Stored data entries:
────────────────────────────────────────
(* $\mathrm{Md}\cup\mathrm{Signs}$ is a finite complete axiomatisation of $\mathrm{Mod}_{\Sigma_{ms}}(\mathrm{Md}\cup\mathrm{Signs}\cup\mathrm{IL})$: for all $\Sigma_{ms}$-terms $r,s$, $\mathrm{Md}\cup\mathrm{Signs}\vdash r=s$ if and only if $r=s$ holds in every $\Sigma_{ms}$-structure satisfying $\mathrm{Md}$, $\mathrm{Signs}$ and $\mathrm{IL}$.
   Context: $\Sigma_{ms}=(0,1,+,\cdot,-,{}^{-1},\mathbf s)$ extends $\Sigma_m=(0,1,+,\cdot,-,{}^{-1})$ with a unary function $\mathbf s$. $\mathrm{Md}$ is the set of equations $(x+y)+z=x+(y+z)$, $x+y=y+x$, $x+0=x$, $x+(-x)=0$, $(x\cdot y)\cdot z=x\cdot(y\cdot z)$, $x\cdot y=y\cdot x$, $1\cdot x=x$, $x\cdot(y+z)=x\cdot y+x\cdot z$, $(x^{-1})^{-1}=x$, $x\cdot(x\cdot x^{-1})=x$. $1_t$ abbreviates $t\cdot t^{-1}$, $0_t$ abbreviates $1-1_t$, $t-u$ abbreviates $t+(-u)$. $\mathrm{Signs}$ is the set of equations: $\mathbf s(1_x)=1_x$; $\mathbf s(0_x)=0_x$; $\mathbf s(-1)=-1$; $\mathbf s(x^{-1})=\mathbf s(x)$; $\mathbf s(x\cdot y)=\mathbf s(x)\cdot\mathbf s(y)$; $0_{\mathbf s(x)-\mathbf s(y)}\cdot(\mathbf s(x+y)-\mathbf s(x))=0$. The inverse law $\mathrm{IL}$ is the conditional axiom $x\neq 0\rightarrow x\cdot x^{-1}=1$. $\vdash$ is derivability in equational logic. *)

theory Defs
  imports Main
begin

datatype tm =
    Var nat
  | Zero
  | One
  | Plus tm tm
  | Times tm tm
  | Neg tm
  | Inv tm
  | Sgn tm

definition one_of :: "tm \<Rightarrow> tm" where "one_of t = Times t (Inv t)"
definition zero_of :: "tm \<Rightarrow> tm" where "zero_of t = Plus One (Neg (one_of t))"
definition minus_tm :: "tm \<Rightarrow> tm \<Rightarrow> tm" where "minus_tm t u = Plus t (Neg u)"

abbreviation "x \<equiv> Var 0"
abbreviation "y \<equiv> Var 1"
abbreviation "z \<equiv> Var 2"

definition Md :: "(tm \<times> tm) set" where
  "Md = {
     (Plus (Plus x y) z, Plus x (Plus y z)),
     (Plus x y, Plus y x),
     (Plus x Zero, x),
     (Plus x (Neg x), Zero),
     (Times (Times x y) z, Times x (Times y z)),
     (Times x y, Times y x),
     (Times One x, x),
     (Times x (Plus y z), Plus (Times x y) (Times x z)),
     (Inv (Inv x), x),
     (Times x (Times x (Inv x)), x) }"

definition Signs :: "(tm \<times> tm) set" where
  "Signs = {
     (Sgn (one_of x), one_of x),
     (Sgn (zero_of x), zero_of x),
     (Sgn (Neg One), Neg One),
     (Sgn (Inv x), Sgn x),
     (Sgn (Times x y), Times (Sgn x) (Sgn y)),
     (Times (zero_of (minus_tm (Sgn x) (Sgn y))) (minus_tm (Sgn (Plus x y)) (Sgn x)), Zero) }"

primrec subst :: "(nat \<Rightarrow> tm) \<Rightarrow> tm \<Rightarrow> tm" where
  "subst \<sigma> (Var n) = \<sigma> n"
| "subst \<sigma> Zero = Zero"
| "subst \<sigma> One = One"
| "subst \<sigma> (Plus a b) = Plus (subst \<sigma> a) (subst \<sigma> b)"
| "subst \<sigma> (Times a b) = Times (subst \<sigma> a) (subst \<sigma> b)"
| "subst \<sigma> (Neg a) = Neg (subst \<sigma> a)"
| "subst \<sigma> (Inv a) = Inv (subst \<sigma> a)"
| "subst \<sigma> (Sgn a) = Sgn (subst \<sigma> a)"

inductive derivable :: "(tm \<times> tm) set \<Rightarrow> tm \<Rightarrow> tm \<Rightarrow> bool" for E where
  ax: "(l, r) \<in> E \<Longrightarrow> derivable E (subst \<sigma> l) (subst \<sigma> r)"
| refl: "derivable E t t"
| sym: "derivable E t u \<Longrightarrow> derivable E u t"
| trans: "derivable E t u \<Longrightarrow> derivable E u v \<Longrightarrow> derivable E t v"
| cong_Plus: "derivable E a a' \<Longrightarrow> derivable E b b' \<Longrightarrow> derivable E (Plus a b) (Plus a' b')"
| cong_Times: "derivable E a a' \<Longrightarrow> derivable E b b' \<Longrightarrow> derivable E (Times a b) (Times a' b')"
| cong_Neg: "derivable E a a' \<Longrightarrow> derivable E (Neg a) (Neg a')"
| cong_Inv: "derivable E a a' \<Longrightarrow> derivable E (Inv a) (Inv a')"
| cong_Sgn: "derivable E a a' \<Longrightarrow> derivable E (Sgn a) (Sgn a')"

record 'a ms_struct =
  carrier :: "'a set"
  zero :: 'a
  one :: 'a
  add :: "'a \<Rightarrow> 'a \<Rightarrow> 'a"
  mul :: "'a \<Rightarrow> 'a \<Rightarrow> 'a"
  neg :: "'a \<Rightarrow> 'a"
  inv :: "'a \<Rightarrow> 'a"
  sgn :: "'a \<Rightarrow> 'a"

definition is_struct :: "'a ms_struct \<Rightarrow> bool" where
  "is_struct M \<longleftrightarrow> carrier M \<noteq> {} \<and>
     zero M \<in> carrier M \<and> one M \<in> carrier M \<and>
     (\<forall>a\<in>carrier M. \<forall>b\<in>carrier M. add M a b \<in> carrier M \<and> mul M a b \<in> carrier M) \<and>
     (\<forall>a\<in>carrier M. neg M a \<in> carrier M \<and> inv M a \<in> carrier M \<and> sgn M a \<in> carrier M)"

primrec eval :: "'a ms_struct \<Rightarrow> (nat \<Rightarrow> 'a) \<Rightarrow> tm \<Rightarrow> 'a" where
  "eval M v (Var n) = v n"
| "eval M v Zero = zero M"
| "eval M v One = one M"
| "eval M v (Plus a b) = add M (eval M v a) (eval M v b)"
| "eval M v (Times a b) = mul M (eval M v a) (eval M v b)"
| "eval M v (Neg a) = neg M (eval M v a)"
| "eval M v (Inv a) = inv M (eval M v a)"
| "eval M v (Sgn a) = sgn M (eval M v a)"

definition holds :: "'a ms_struct \<Rightarrow> tm \<Rightarrow> tm \<Rightarrow> bool" where
  "holds M t u \<longleftrightarrow> (\<forall>v. (\<forall>n. v n \<in> carrier M) \<longrightarrow> eval M v t = eval M v u)"

definition satisfies_eqs :: "'a ms_struct \<Rightarrow> (tm \<times> tm) set \<Rightarrow> bool" where
  "satisfies_eqs M E \<longleftrightarrow> (\<forall>(l, r)\<in>E. holds M l r)"

definition satisfies_IL :: "'a ms_struct \<Rightarrow> bool" where
  "satisfies_IL M \<longleftrightarrow> (\<forall>a\<in>carrier M. a \<noteq> zero M \<longrightarrow> mul M a (inv M a) = one M)"

definition is_model :: "'a ms_struct \<Rightarrow> bool" where
  "is_model M \<longleftrightarrow> is_struct M \<and> satisfies_eqs M (Md \<union> Signs) \<and> satisfies_IL M"

end

theory Submission
  imports Defs "HOL-Library.Countable" Complex_Main
begin

(* Soundness is the usual induction over derivations; the real numbers with
   inverse and sign show that 0 = 1 is not derivable.

   Completeness: if r = s is not derivable, the term algebra modulo provable
   equality is a nontrivial commutative ring in which c = [r] - [s] is nonzero,
   and Md + Signs make it a "signed meadow" (a ring with an involutive inverse
   satisfying a (a a^-1) = a and a multiplicative sign fixing the idempotents
   0_a = 1 - a a^-1).  By Zorn's lemma some ideal I is maximal among those
   avoiding c.  In a meadow every ideal is radical, so such an I behaves like
   a prime ideal on the annihilating pair a * 0_a = 0; hence 0_a is in I for
   every a outside I, i.e. the quotient satisfies IL.  Inverse and sign respect
   congruence modulo any ideal, so the quotient is a model of Md + Signs + IL
   in which r = s fails.  Finally, the quotient is countable and is copied
   into a structure on nat. *)

lemma eval_closed:
  assumes "is_struct M" and "\<forall>n. v n \<in> carrier M"
  shows "eval M v t \<in> carrier M"
  using assms by (induction t) (auto simp: is_struct_def)

lemma eval_subst: "eval M v (subst \<sigma> t) = eval M (\<lambda>k. eval M v (\<sigma> k)) t"
  by (induction t) auto

lemma derivable_sound:
  assumes "derivable E r s" and "is_struct M" and "satisfies_eqs M E"
  shows "holds M r s"
  using assms
proof (induction rule: derivable.induct)
  case (ax l r \<sigma>)
  show ?case unfolding holds_def
  proof (intro allI impI)
    fix v :: "nat \<Rightarrow> _" assume v: "\<forall>n. v n \<in> carrier M"
    have "holds M l r" using ax unfolding satisfies_eqs_def by auto
    moreover have "\<forall>k. eval M v (\<sigma> k) \<in> carrier M" using eval_closed[OF ax(2) v] by auto
    ultimately show "eval M v (subst \<sigma> l) = eval M v (subst \<sigma> r)"
      unfolding eval_subst holds_def by auto
  qed
qed (auto simp: holds_def)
────────────────────────────────────────
Exercise prompt:
Every line holding the word "auto" should be copied out of the records above.

Answer box:
  using assms by (induction t) (auto simp: is_struct_def)
  by (induction t) auto
    have "holds M l r" using ax unfolding satisfies_eqs_def by auto
    moreover have "\<forall>k. eval M v (\<sigma> k) \<in> carrier M" using eval_closed[OF ax(2) v] by auto
      unfolding eval_subst holds_def by auto
qed (auto simp: holds_def)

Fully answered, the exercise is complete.